In service to the discipline of economics and related areas, Waldman served as a co-editor at the Journal of Economic Perspectives, from 2000 to 2006, served as an associate editor at the Quarterly Journal of Economics, from 2000 to 2014, and since 2009 he has been an editor at the Journal of Labor Economics. He was also a member in 2004 of the American Economics Association Program Committee, in 2009 and 2013 a member of the International Industrial Organization Conference Program Committee, in 2013 a member of the Society of Labor Economists Program Committee, and in 2013 and 2017 a member of the (First and Second) Scientific Committee of the Product Lifetimes and the Environment Conference.

Waldman has recently explored whether the exploding growth in autism diagnosis rates over the last few decades can be partially explained by the existence of an environmental trigger for autism that has become more prevalent over time. He is the lead author of “Autism Prevalence and Precipitation Rates in California, Oregon, and Washington Counties" which appears in the November 2008 issue of Archives of Pediatrics & Adolescent Medicine. This paper provides evidence consistent with the existence of an important environmental trigger for autism among genetically vulnerable children that is positively associated with precipitation.
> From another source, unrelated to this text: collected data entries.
text \<open>Let \<open>c = 1/(8\<eta>)\<close> and \<open>L = ln (1/(exp c - 1))\<close>, so that \<open>L = \<gamma> \<lambda>\<close>. If the loss at \<open>w\<close> exceeds
  \<open>c\<close>, some data point has \<open>\<langle>w, x\<^sub>i\<rangle> < L\<close>; expanding this inner product in the orthonormal frame
  \<open>w\<^sub>*, v\<^sub>*\<close> and using \<open>\<langle>x\<^sub>i, w\<^sub>*\<rangle> \<ge> \<gamma>\<close> gives \<open>|\<langle>w, v\<^sub>*\<rangle>| > \<gamma> \<langle>w, w\<^sub>*\<rangle> - L\<close>. In an oscillation this
  holds at \<open>t\<close> and \<open>t + 1\<close>; the \<open>v\<^sub>*\<close>-component changes sign, a single step moves it by at most
  \<open>\<eta>\<close>, and the \<open>w\<^sub>*\<close>-component never decreases. Hence \<open>\<gamma> \<langle>w\<^sub>t, w\<^sub>*\<rangle> - L < \<eta>/2\<close>, and
  \<open>L \<le> ln (8 \<eta>) \<le> \<eta>/2\<close> once \<open>\<eta> \<ge> 32\<close>.\<close>

lemma orthonormal_pair_expansion:
  fixes u v a :: "'a::euclidean_space"
  assumes "DIM('a) = 2" and "norm u = 1" and "norm v = 1" and "u \<bullet> v = 0"
  shows "a = (a \<bullet> u) *\<^sub>R u + (a \<bullet> v) *\<^sub>R v"
proof (rule ccontr)
  define r where "r = a - (a \<bullet> u) *\<^sub>R u - (a \<bullet> v) *\<^sub>R v"
  assume "a \<noteq> (a \<bullet> u) *\<^sub>R u + (a \<bullet> v) *\<^sub>R v"
  then have "r \<noteq> 0"
    unfolding r_def by (metis diff_diff_eq eq_iff_diff_eq_0)
  have uu: "u \<bullet> u = 1" and vv: "v \<bullet> v = 1"
    using assms(2,3) by (simp_all add: dot_square_norm)
  have vu: "v \<bullet> u = 0"
    using assms(4) by (simp add: inner_commute)
  have "r \<bullet> u = 0" and "r \<bullet> v = 0"
    using uu vv assms(4) vu by (simp_all add: r_def inner_diff_left)
  then have "pairwise orthogonal {u, v, r}"
    using assms(4) by (auto simp: pairwise_def orthogonal_def inner_commute)
  moreover have "0 \<notin> {u, v, r}"
    using assms(2,3) \<open>r \<noteq> 0\<close> by auto
  ultimately have "independent {u, v, r}"
    by (rule pairwise_orthogonal_independent)
  moreover have "u \<noteq> v" and "u \<noteq> r" and "v \<noteq> r"
    using \<open>r \<bullet> u = 0\<close> \<open>r \<bullet> v = 0\<close> assms(4) uu vv by auto
  then have "card {u, v, r} = 3"
    by simp
  ultimately show False
    using independent_bound[of "{u, v, r}"] assms(1) by simp
qed

lemma inner_orthonormal_pair_expansion:
  fixes u v a b :: "'a::euclidean_space"
  assumes "DIM('a) = 2" and "norm u = 1" and "norm v = 1" and "u \<bullet> v = 0"
  shows "a \<bullet> b = (a \<bullet> u) * (b \<bullet> u) + (a \<bullet> v) * (b \<bullet> v)"
proof -
  have "a \<bullet> b = a \<bullet> ((b \<bullet> u) *\<^sub>R u + (b \<bullet> v) *\<^sub>R v)"
    using orthonormal_pair_expansion[OF assms] by simp
  then show ?thesis by (simp add: inner_add_right)
qed

lemma inverse_one_plus_exp_bounds:
  fixes z :: real
  shows "0 < 1 / (1 + exp z)" and "1 / (1 + exp z) \<le> 1"
  by (simp_all add: add_pos_pos)

lemma gd_Suc_inner:
  "gd n x \<eta> (Suc t) \<bullet> u = gd n x \<eta> t \<bullet> u
     + \<eta> / real n * (\<Sum>i<n. 1 / (1 + exp (gd n x \<eta> t \<bullet> x i)) * (x i \<bullet> u))"
proof -
  have "logloss_grad n x (gd n x \<eta> t)
      = - ((1 / real n) *\<^sub>R (\<Sum>i<n. (1 / (1 + exp (gd n x \<eta> t \<bullet> x i))) *\<^sub>R x i))"
    unfolding logloss_grad_def by (simp add: sum_negf)
  then show ?thesis
    by (simp add: inner_add_left inner_sum_left)
qed

lemma gd_inner_mono:
  assumes "\<eta> \<ge> 0" and "\<forall>i<n. 0 \<le> x i \<bullet> u"
  shows "gd n x \<eta> t \<bullet> u \<le> gd n x \<eta> (Suc t) \<bullet> u"
proof -
  have "0 \<le> (\<Sum>i<n. 1 / (1 + exp (gd n x \<eta> t \<bullet> x i)) * (x i \<bullet> u))"
    using assms(2) inverse_one_plus_exp_bounds(1) by (intro sum_nonneg) (simp add: less_imp_le)
  then show ?thesis
    using assms(1) by (simp only: gd_Suc_inner) simp
qed

lemma gd_inner_nonneg:
  assumes "\<eta> \<ge> 0" and "\<forall>i<n. 0 \<le> x i \<bullet> u"
  shows "0 \<le> gd n x \<eta> t \<bullet> u"
proof (induction t)
  case 0
  then show ?case by simp
next
  case (Suc t)
  then show ?case using gd_inner_mono[OF assms, of t] by linarith
qed

lemma gd_Suc_inner_dist_le:
  assumes "\<eta> \<ge> 0" and "\<forall>i<n. norm (x i) \<le> 1" and "norm u \<le> 1"
  shows "\<bar>gd n x \<eta> (Suc t) \<bullet> u - gd n x \<eta> t \<bullet> u\<bar> \<le> \<eta>"
proof -
  let ?a = "\<lambda>i. 1 / (1 + exp (gd n x \<eta> t \<bullet> x i))"
  have term_le: "\<bar>?a i * (x i \<bullet> u)\<bar> \<le> 1" if "i < n" for i
  proof -
    have "\<bar>x i \<bullet> u\<bar> \<le> norm (x i) * norm u"
      by (rule Cauchy_Schwarz_ineq2)
    also have "\<dots> \<le> 1"
      using assms(2,3) that by (simp add: mult_le_one)
    finally have "\<bar>x i \<bullet> u\<bar> \<le> 1" .
    moreover have "0 < ?a i" and "?a i \<le> 1"
      by (rule inverse_one_plus_exp_bounds)+
    ultimately show ?thesis
      by (auto simp only: abs_mult abs_of_pos intro!: mult_le_one)
  qed
  have "\<bar>\<Sum>i<n. ?a i * (x i \<bullet> u)\<bar> \<le> (\<Sum>i<n. \<bar>?a i * (x i \<bullet> u)\<bar>)"
    by (rule sum_abs)
  also have "\<dots> \<le> (\<Sum>i<n. 1)"
    using term_le by (intro sum_mono) simp
  finally have "\<bar>\<Sum>i<n. ?a i * (x i \<bullet> u)\<bar> \<le> real n"
    by simp
  then have "\<eta> / real n * \<bar>\<Sum>i<n. ?a i * (x i \<bullet> u)\<bar> \<le> \<eta> / real n * real n"
    using assms(1) by (intro mult_left_mono) auto
  also have "\<dots> \<le> \<eta>"
    using assms(1) by (cases "n = 0") auto
  finally show ?thesis
    using assms(1) by (simp only: gd_Suc_inner) (simp add: abs_mult)
qed

lemma logloss_gt_imp_point_loss_gt:
  assumes "n > 0" and "logloss n x w > c"
  obtains i where "i < n" and "ln (1 + exp (- (w \<bullet> x i))) > c"
proof -
  have "\<exists>i<n. ln (1 + exp (- (w \<bullet> x i))) > c"
  proof (rule ccontr)
    assume "\<not> ?thesis"
    then have "(\<Sum>i<n. ln (1 + exp (- (w \<bullet> x i)))) \<le> real n * c"
      using sum_bounded_above[of "{..<n}" "\<lambda>i. ln (1 + exp (- (w \<bullet> x i)))" c] by fastforce
    then have "logloss n x w \<le> c"
      using assms(1) by (simp add: logloss_def field_simps)
    then show False
      using assms(2) by simp
  qed
  then show ?thesis
    using that by blast
qed

lemma ln_one_plus_exp_neg_gt_imp_less:
  fixes z c :: real
  assumes "c > 0" and "ln (1 + exp (- z)) > c"
  shows "z < ln (1 / (exp c - 1))"
proof -
  have pos: "exp c - 1 > 0"
    using assms(1) by simp
  have "exp c < 1 + exp (- z)"
    using assms(2) by (metis exp_less_cancel_iff exp_ln add_pos_pos exp_gt_zero zero_less_one)
  then have "ln (exp c - 1) < - z"
    using pos by (metis add.commute diff_less_eq ln_less_cancel_iff exp_gt_zero ln_exp)
  moreover have "ln (1 / (exp c - 1)) = - ln (exp c - 1)"
    using pos by (simp add: ln_div)
  ultimately show ?thesis by simp
qed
He is also the lead author of the 2006 National Bureau of Economic Research Working Paper, titled "Does Television Cause Autism?," and the 2012 National Bureau of Economic Research Working Paper, titled “Positive and Negative Mental Health Consequences of Early Childhood Television Watching.” These papers provide evidence consistent with the specific environmental trigger being early childhood television viewing. Waldman plans to continue conducting research on this topic.